Instructions to follow — Instruction for the entries that follow: retype exactly the lines from the line with "(-1) \<cdot>\<^sub>m (A" to the line with "by (simp_all add: mat_lincomb_def)", both included, and omit all others.

Data under study —
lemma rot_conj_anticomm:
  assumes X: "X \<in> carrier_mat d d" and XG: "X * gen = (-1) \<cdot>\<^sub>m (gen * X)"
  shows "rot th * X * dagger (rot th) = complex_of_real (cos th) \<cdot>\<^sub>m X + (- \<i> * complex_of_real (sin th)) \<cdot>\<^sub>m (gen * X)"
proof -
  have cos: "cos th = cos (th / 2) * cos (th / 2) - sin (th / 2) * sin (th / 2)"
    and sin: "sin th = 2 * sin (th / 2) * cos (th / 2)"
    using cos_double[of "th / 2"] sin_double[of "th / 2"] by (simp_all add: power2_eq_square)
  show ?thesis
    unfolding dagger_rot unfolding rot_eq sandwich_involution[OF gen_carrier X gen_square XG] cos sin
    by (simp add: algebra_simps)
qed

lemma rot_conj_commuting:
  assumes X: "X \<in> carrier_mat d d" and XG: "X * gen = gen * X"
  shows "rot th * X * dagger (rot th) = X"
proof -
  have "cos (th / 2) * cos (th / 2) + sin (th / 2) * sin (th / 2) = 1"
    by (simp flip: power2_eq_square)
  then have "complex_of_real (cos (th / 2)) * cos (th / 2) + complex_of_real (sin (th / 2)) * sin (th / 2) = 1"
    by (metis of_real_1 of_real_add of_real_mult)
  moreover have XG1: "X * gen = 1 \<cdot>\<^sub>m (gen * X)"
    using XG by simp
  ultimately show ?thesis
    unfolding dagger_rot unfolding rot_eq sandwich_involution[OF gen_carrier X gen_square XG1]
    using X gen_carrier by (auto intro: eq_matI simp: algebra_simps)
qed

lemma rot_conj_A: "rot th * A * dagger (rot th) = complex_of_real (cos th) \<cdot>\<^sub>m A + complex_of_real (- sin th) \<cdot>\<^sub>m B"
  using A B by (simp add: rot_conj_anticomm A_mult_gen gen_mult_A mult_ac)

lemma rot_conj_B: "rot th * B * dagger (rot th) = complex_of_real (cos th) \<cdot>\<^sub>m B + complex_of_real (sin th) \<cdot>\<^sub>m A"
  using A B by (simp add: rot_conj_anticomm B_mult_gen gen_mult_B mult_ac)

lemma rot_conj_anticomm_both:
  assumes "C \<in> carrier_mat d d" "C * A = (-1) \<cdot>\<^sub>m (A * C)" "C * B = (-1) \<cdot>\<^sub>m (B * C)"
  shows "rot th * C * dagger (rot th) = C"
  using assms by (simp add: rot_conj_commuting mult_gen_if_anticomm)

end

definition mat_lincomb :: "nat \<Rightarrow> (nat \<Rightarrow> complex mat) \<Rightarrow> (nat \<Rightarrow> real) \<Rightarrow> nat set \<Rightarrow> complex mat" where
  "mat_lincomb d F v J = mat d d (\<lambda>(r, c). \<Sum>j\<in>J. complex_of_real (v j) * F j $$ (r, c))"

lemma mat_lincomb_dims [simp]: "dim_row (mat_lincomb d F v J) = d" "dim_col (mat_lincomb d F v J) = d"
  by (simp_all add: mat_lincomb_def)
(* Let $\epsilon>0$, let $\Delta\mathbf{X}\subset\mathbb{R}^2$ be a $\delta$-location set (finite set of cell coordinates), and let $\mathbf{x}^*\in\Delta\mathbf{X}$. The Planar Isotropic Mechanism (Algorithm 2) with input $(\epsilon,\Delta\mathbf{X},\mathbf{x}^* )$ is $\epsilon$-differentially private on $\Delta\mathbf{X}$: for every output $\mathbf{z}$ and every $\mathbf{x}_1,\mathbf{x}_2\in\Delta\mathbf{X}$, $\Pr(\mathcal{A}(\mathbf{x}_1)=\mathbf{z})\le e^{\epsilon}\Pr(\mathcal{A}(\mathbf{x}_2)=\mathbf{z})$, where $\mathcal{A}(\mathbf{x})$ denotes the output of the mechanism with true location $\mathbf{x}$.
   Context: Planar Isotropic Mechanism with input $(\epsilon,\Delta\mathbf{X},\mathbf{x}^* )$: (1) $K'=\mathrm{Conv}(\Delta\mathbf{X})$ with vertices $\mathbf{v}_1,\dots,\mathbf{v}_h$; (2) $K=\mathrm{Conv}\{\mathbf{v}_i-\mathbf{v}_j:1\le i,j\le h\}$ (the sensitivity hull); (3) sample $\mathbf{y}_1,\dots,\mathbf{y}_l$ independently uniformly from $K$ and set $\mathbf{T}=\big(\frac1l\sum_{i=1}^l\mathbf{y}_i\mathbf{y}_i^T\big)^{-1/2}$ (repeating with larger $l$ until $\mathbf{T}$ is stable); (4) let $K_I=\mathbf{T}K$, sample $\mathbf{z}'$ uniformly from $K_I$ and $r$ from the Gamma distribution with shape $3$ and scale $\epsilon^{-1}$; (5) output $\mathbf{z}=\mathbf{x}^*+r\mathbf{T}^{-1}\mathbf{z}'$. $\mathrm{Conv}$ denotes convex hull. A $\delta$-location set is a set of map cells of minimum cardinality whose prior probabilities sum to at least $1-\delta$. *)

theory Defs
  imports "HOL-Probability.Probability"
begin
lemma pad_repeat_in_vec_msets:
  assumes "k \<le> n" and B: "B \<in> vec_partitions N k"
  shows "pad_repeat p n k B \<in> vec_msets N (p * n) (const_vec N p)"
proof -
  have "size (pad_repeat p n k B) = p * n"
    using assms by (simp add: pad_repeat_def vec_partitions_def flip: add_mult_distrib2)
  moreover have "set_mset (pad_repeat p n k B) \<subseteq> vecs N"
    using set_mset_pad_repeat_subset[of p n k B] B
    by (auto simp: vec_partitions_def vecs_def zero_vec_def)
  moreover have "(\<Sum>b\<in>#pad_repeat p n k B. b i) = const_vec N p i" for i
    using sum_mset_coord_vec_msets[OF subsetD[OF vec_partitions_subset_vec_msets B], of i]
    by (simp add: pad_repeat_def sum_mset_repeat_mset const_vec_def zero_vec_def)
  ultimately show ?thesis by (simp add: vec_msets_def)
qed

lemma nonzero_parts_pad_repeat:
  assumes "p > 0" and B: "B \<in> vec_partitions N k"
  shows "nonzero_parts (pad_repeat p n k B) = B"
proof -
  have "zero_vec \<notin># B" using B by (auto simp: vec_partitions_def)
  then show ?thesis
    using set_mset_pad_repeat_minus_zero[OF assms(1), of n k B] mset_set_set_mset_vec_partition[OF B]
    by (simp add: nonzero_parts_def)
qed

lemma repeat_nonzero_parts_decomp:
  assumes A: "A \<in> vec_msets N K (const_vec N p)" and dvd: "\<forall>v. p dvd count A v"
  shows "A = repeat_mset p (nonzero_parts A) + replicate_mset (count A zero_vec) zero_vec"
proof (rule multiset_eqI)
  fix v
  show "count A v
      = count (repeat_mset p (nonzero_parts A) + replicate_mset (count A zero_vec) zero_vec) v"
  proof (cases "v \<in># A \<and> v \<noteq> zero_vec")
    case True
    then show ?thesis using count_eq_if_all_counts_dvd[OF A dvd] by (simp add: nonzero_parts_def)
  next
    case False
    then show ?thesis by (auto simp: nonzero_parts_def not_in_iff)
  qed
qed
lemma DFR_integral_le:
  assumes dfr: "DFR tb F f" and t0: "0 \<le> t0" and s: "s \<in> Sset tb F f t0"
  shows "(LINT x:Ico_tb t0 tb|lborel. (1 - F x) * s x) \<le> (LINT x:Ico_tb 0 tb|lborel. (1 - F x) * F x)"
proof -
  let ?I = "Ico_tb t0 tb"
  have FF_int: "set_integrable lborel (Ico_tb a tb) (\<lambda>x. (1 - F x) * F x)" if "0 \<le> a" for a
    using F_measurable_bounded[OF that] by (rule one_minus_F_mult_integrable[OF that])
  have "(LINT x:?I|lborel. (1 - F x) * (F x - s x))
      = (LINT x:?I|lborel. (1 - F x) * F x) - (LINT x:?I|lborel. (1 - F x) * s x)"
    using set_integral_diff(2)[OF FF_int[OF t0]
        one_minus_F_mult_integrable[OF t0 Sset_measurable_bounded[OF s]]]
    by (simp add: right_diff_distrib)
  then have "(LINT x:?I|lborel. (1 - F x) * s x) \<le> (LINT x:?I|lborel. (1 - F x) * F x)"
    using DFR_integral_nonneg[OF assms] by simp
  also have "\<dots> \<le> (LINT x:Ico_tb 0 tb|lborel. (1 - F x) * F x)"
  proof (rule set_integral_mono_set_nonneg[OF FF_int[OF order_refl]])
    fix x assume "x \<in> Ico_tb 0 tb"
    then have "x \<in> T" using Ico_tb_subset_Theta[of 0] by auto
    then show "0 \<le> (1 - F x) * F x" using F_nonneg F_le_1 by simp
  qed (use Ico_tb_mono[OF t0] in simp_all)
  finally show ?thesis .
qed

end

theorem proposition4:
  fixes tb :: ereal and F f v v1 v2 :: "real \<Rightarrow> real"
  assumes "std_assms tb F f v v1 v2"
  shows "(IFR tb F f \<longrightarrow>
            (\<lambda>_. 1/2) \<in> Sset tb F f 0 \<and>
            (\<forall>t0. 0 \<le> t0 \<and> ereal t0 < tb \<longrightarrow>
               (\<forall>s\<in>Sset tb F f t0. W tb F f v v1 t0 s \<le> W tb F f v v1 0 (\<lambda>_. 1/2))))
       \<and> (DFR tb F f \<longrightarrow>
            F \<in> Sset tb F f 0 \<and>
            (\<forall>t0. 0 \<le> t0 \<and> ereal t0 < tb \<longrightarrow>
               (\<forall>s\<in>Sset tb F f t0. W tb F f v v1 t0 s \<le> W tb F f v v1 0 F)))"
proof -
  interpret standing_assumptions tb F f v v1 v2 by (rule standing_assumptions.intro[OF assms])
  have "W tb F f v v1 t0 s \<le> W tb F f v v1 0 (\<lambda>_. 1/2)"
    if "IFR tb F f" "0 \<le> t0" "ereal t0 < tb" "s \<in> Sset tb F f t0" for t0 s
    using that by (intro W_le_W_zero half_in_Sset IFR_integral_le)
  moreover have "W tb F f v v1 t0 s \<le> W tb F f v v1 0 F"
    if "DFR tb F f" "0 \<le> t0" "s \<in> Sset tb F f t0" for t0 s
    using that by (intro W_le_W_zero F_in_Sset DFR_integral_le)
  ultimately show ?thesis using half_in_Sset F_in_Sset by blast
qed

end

Result below —
  assumes "C \<in> carrier_mat d d" "C * A = (-1) \<cdot>\<^sub>m (A * C)" "C * B = (-1) \<cdot>\<^sub>m (B * C)"
  shows "rot th * C * dagger (rot th) = C"
  using assms by (simp add: rot_conj_commuting mult_gen_if_anticomm)

end

definition mat_lincomb :: "nat \<Rightarrow> (nat \<Rightarrow> complex mat) \<Rightarrow> (nat \<Rightarrow> real) \<Rightarrow> nat set \<Rightarrow> complex mat" where
  "mat_lincomb d F v J = mat d d (\<lambda>(r, c). \<Sum>j\<in>J. complex_of_real (v j) * F j $$ (r, c))"

lemma mat_lincomb_dims [simp]: "dim_row (mat_lincomb d F v J) = d" "dim_col (mat_lincomb d F v J) = d"
  by (simp_all add: mat_lincomb_def)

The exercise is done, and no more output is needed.